● **Work instruction**
Set all the entries down again, unaltered.

• • • • •

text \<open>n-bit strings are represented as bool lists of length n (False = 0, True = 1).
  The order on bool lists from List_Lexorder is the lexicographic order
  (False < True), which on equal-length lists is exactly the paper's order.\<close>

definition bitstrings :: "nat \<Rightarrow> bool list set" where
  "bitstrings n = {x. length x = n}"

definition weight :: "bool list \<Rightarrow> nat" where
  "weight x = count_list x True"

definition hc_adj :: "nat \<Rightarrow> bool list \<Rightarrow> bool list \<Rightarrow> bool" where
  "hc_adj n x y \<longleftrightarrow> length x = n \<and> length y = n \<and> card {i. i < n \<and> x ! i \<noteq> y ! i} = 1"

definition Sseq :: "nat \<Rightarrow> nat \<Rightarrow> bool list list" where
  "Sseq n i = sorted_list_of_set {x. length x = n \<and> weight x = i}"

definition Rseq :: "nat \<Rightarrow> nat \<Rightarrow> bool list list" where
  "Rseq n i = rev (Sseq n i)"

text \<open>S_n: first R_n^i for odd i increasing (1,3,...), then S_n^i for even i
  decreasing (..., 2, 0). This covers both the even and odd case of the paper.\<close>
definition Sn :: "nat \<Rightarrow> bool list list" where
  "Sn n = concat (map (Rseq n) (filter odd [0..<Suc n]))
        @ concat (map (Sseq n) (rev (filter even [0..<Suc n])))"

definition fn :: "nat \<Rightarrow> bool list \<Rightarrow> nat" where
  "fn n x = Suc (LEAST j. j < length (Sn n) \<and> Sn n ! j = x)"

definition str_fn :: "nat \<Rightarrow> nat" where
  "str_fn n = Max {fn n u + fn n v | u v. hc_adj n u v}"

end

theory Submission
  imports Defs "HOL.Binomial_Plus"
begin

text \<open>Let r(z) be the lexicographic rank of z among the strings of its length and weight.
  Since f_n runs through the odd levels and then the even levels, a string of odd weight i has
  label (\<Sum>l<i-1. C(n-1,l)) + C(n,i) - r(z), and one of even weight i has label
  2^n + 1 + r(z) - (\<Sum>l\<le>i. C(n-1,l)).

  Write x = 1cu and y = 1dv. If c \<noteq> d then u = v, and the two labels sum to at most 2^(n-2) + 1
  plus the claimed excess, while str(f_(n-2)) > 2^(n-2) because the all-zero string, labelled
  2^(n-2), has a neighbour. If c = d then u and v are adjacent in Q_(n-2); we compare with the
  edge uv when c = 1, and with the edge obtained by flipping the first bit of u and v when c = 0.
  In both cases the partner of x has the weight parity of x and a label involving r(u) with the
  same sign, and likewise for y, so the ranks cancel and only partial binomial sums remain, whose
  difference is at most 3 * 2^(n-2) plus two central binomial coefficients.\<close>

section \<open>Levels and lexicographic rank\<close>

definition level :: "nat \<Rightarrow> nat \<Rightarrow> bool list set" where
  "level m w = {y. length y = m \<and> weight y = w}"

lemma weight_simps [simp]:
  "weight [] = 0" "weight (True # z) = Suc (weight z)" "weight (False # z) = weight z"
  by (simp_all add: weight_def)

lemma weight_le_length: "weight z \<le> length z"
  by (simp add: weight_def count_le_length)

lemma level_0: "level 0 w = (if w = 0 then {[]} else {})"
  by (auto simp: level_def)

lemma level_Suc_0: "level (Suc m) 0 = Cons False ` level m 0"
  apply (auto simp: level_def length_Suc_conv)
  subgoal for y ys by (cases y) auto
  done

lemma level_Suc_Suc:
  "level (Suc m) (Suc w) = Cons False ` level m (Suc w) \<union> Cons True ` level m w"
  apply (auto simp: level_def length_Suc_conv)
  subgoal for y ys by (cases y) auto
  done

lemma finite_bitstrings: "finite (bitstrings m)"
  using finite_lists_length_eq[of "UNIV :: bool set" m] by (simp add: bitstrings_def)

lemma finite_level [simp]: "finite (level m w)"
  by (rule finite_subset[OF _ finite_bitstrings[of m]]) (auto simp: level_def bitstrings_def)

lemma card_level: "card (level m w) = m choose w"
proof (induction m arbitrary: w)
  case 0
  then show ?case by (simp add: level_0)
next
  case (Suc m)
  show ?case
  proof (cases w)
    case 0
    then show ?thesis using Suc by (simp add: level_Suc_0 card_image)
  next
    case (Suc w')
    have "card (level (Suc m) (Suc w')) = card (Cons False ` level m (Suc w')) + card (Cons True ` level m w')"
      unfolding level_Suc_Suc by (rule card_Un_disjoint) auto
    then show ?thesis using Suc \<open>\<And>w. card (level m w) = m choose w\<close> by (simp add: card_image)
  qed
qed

• • • • •

● **Answer for this exercise**
text \<open>n-bit strings are represented as bool lists of length n (False = 0, True = 1).
  The order on bool lists from List_Lexorder is the lexicographic order
  (False < True), which on equal-length lists is exactly the paper's order.\<close>

definition bitstrings :: "nat \<Rightarrow> bool list set" where
  "bitstrings n = {x. length x = n}"

definition weight :: "bool list \<Rightarrow> nat" where
  "weight x = count_list x True"

definition hc_adj :: "nat \<Rightarrow> bool list \<Rightarrow> bool list \<Rightarrow> bool" where
  "hc_adj n x y \<longleftrightarrow> length x = n \<and> length y = n \<and> card {i. i < n \<and> x ! i \<noteq> y ! i} = 1"

definition Sseq :: "nat \<Rightarrow> nat \<Rightarrow> bool list list" where
  "Sseq n i = sorted_list_of_set {x. length x = n \<and> weight x = i}"

definition Rseq :: "nat \<Rightarrow> nat \<Rightarrow> bool list list" where
  "Rseq n i = rev (Sseq n i)"

text \<open>S_n: first R_n^i for odd i increasing (1,3,...), then S_n^i for even i
  decreasing (..., 2, 0). This covers both the even and odd case of the paper.\<close>
definition Sn :: "nat \<Rightarrow> bool list list" where
  "Sn n = concat (map (Rseq n) (filter odd [0..<Suc n]))
        @ concat (map (Sseq n) (rev (filter even [0..<Suc n])))"

definition fn :: "nat \<Rightarrow> bool list \<Rightarrow> nat" where
  "fn n x = Suc (LEAST j. j < length (Sn n) \<and> Sn n ! j = x)"

definition str_fn :: "nat \<Rightarrow> nat" where
  "str_fn n = Max {fn n u + fn n v | u v. hc_adj n u v}"

end

theory Submission
  imports Defs "HOL.Binomial_Plus"
begin

text \<open>Let r(z) be the lexicographic rank of z among the strings of its length and weight.
  Since f_n runs through the odd levels and then the even levels, a string of odd weight i has
  label (\<Sum>l<i-1. C(n-1,l)) + C(n,i) - r(z), and one of even weight i has label
  2^n + 1 + r(z) - (\<Sum>l\<le>i. C(n-1,l)).

  Write x = 1cu and y = 1dv. If c \<noteq> d then u = v, and the two labels sum to at most 2^(n-2) + 1
  plus the claimed excess, while str(f_(n-2)) > 2^(n-2) because the all-zero string, labelled
  2^(n-2), has a neighbour. If c = d then u and v are adjacent in Q_(n-2); we compare with the
  edge uv when c = 1, and with the edge obtained by flipping the first bit of u and v when c = 0.
  In both cases the partner of x has the weight parity of x and a label involving r(u) with the
  same sign, and likewise for y, so the ranks cancel and only partial binomial sums remain, whose
  difference is at most 3 * 2^(n-2) plus two central binomial coefficients.\<close>

section \<open>Levels and lexicographic rank\<close>

definition level :: "nat \<Rightarrow> nat \<Rightarrow> bool list set" where
  "level m w = {y. length y = m \<and> weight y = w}"

lemma weight_simps [simp]:
  "weight [] = 0" "weight (True # z) = Suc (weight z)" "weight (False # z) = weight z"
  by (simp_all add: weight_def)

lemma weight_le_length: "weight z \<le> length z"
  by (simp add: weight_def count_le_length)

lemma level_0: "level 0 w = (if w = 0 then {[]} else {})"
  by (auto simp: level_def)

lemma level_Suc_0: "level (Suc m) 0 = Cons False ` level m 0"
  apply (auto simp: level_def length_Suc_conv)
  subgoal for y ys by (cases y) auto
  done

lemma level_Suc_Suc:
  "level (Suc m) (Suc w) = Cons False ` level m (Suc w) \<union> Cons True ` level m w"
  apply (auto simp: level_def length_Suc_conv)
  subgoal for y ys by (cases y) auto
  done

lemma finite_bitstrings: "finite (bitstrings m)"
  using finite_lists_length_eq[of "UNIV :: bool set" m] by (simp add: bitstrings_def)

lemma finite_level [simp]: "finite (level m w)"
  by (rule finite_subset[OF _ finite_bitstrings[of m]]) (auto simp: level_def bitstrings_def)

lemma card_level: "card (level m w) = m choose w"
proof (induction m arbitrary: w)
  case 0
  then show ?case by (simp add: level_0)
next
  case (Suc m)
  show ?case
  proof (cases w)
    case 0
    then show ?thesis using Suc by (simp add: level_Suc_0 card_image)
  next
    case (Suc w')
    have "card (level (Suc m) (Suc w')) = card (Cons False ` level m (Suc w')) + card (Cons True ` level m w')"
      unfolding level_Suc_Suc by (rule card_Un_disjoint) auto
    then show ?thesis using Suc \<open>\<And>w. card (level m w) = m choose w\<close> by (simp add: card_image)
  qed
qed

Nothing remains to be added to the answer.